Eine junge sportliche Frau, die seit einem halben Jahr die Pille nimmt, kommt mit einer Thrombose aus ihrem Urlaub zurück. Wie lang sollte die Antikoagulation fortgeführt werden und sollte die orale Kontrazeption abgesetzt werden?

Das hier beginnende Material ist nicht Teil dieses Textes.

lemma exists_symmetry_near_invertible:
  fixes k :: "'a::unital_cstar_algebra"
  assumes k: "selfadjoint k" "cs_invertible k" and c: "norm k < c" "1 \<le> c"
  obtains s where "selfadjoint s" "s * s = 1" "norm (k - (1/2) *\<^sub>R s) \<le> c - 1/2"
proof -
  obtain j where kj: "k * j = 1" and jk: "j * k = 1"
    using k(2) unfolding cs_invertible_def by blast
  have "norm (k * k) < c\<^sup>2"
    using norm_mult_ineq[of k k] mult_strict_mono'[OF c(1) c(1)] by (simp add: power2_eq_square)
  then obtain r where r: "selfadjoint r" "r * r = k * k" "r * j = j * r"
    and r_bound: "norm (r - of_real (c / 2)) \<le> c / 2"
    using invertible_abs_bounds[OF k(1) kj jk _ c(2)] by blast
  define s where "s = r * j"
  have s: "selfadjoint s"
    unfolding s_def by (rule selfadjoint_mult_commute[OF r(1) selfadjoint_inverse[OF k(1) kj jk] r(3)])
  have "s * s = k * (k * j) * j" and "s * r = k * (k * j)"
    unfolding s_def using r(2,3) by (metis mult.assoc)+
  then have ss: "s * s = 1" and sr: "s * r = k"
    using kj by simp_all
  have "(norm s)\<^sup>2 = 1"
    using norm_square_selfadjoint[OF s] ss by simp
  then have "norm s = 1"
    using norm_ge_zero[of s] by (auto simp: power2_eq_1_iff)
  have "r - of_real (1/2) = (r - of_real (c / 2)) + of_real ((c - 1) / 2)"
    by (simp add: of_real_def algebra_simps diff_divide_distrib)
  then have "norm (r - of_real (1/2)) \<le> norm (r - of_real (c / 2)) + norm (of_real ((c - 1) / 2) :: 'a)"
    by (metis norm_triangle_ineq)
  also have "\<dots> \<le> c - 1/2"
    using r_bound c(2) by (simp add: field_simps)
  finally have "norm (r - of_real (1/2)) \<le> c - 1/2" .
  moreover have "k - (1/2) *\<^sub>R s = s * (r - of_real (1/2))"
    by (simp add: algebra_simps sr of_real_def)
  ultimately have "norm (k - (1/2) *\<^sub>R s) \<le> c - 1/2"
    using norm_mult_ineq[of s "r - of_real (1/2)"] \<open>norm s = 1\<close> by simp
  then show ?thesis
    using s ss that by blast
qed

lemma real_rank_zero_symmetry_approx:
  fixes h :: "'a::unital_cstar_algebra"
  assumes "real_rank_zero TYPE('a)" "selfadjoint h" "norm h \<le> 1" "\<eta> > 0"
  obtains k s where "selfadjoint k" "selfadjoint s" "s * s = 1" "norm (h - k) < \<eta>"
    "norm (k - (1/2) *\<^sub>R s) \<le> 3/4"
proof -
  have "h \<in> closure {a. cs_star a = a \<and> cs_invertible a}"
    using assms(1,2) unfolding real_rank_zero_def selfadjoint_def by blast
  moreover have "min \<eta> (1/4) > 0"
    using \<open>\<eta> > 0\<close> by simp
  ultimately obtain k where "cs_star k = k" "cs_invertible k" and hk: "dist k h < min \<eta> (1/4)"
    unfolding closure_approachable by blast
  then have k: "selfadjoint k" "cs_invertible k"
    by (simp_all add: selfadjoint_def)
  have "norm k < 5/4"
    using hk assms(3) norm_triangle_ineq2[of k h] by (simp add: dist_norm)
  then obtain s where "selfadjoint s" "s * s = 1" "norm (k - (1/2) *\<^sub>R s) \<le> 3/4"
    using exists_symmetry_near_invertible[OF k, of "5/4"] by auto
  moreover have "norm (h - k) < \<eta>"
    using hk by (simp add: dist_norm norm_minus_commute)
  ultimately show ?thesis
    using k that by blast
qed

section \<open>Tracial states\<close>

lemma tracial_state_add: "tracial_state \<tau> \<Longrightarrow> \<tau> (a + b) = \<tau> a + \<tau> b"
  unfolding tracial_state_def by blast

Wir haben für diese Artikelreihe von Ihren Kolleg:innen einige Fallbeispiele gesammelt. Sie zeigen die Herangehensweise und mögliche leitliniengerechte Lösungen in alltäglichen und nicht so alltäglichen Situationen auf. Halten Sie in den nächsten Monaten Ausschau nach neuen Fällen!

Heute: „Die junge Sportlerin mit Pille“

Anamnese

Eine 31-jährige Patientin kommt nach einer langen Autofahrt mit einer Beinvenenthrombose aus ihrem Urlaub in Slowenien zurück. Sie ist eine Freundin des Outdoorsports und hat den Urlaub zum Canyoning genutzt. Seit 6 Monaten nimmt sie ein hormonelles Kontrazeptivum.

In diesem Fall stellt sich neben der Frage nach der geeigneten Antikoagulation und deren Dauer gleich noch eine Frage: Sollte die Pille abgesetzt werden?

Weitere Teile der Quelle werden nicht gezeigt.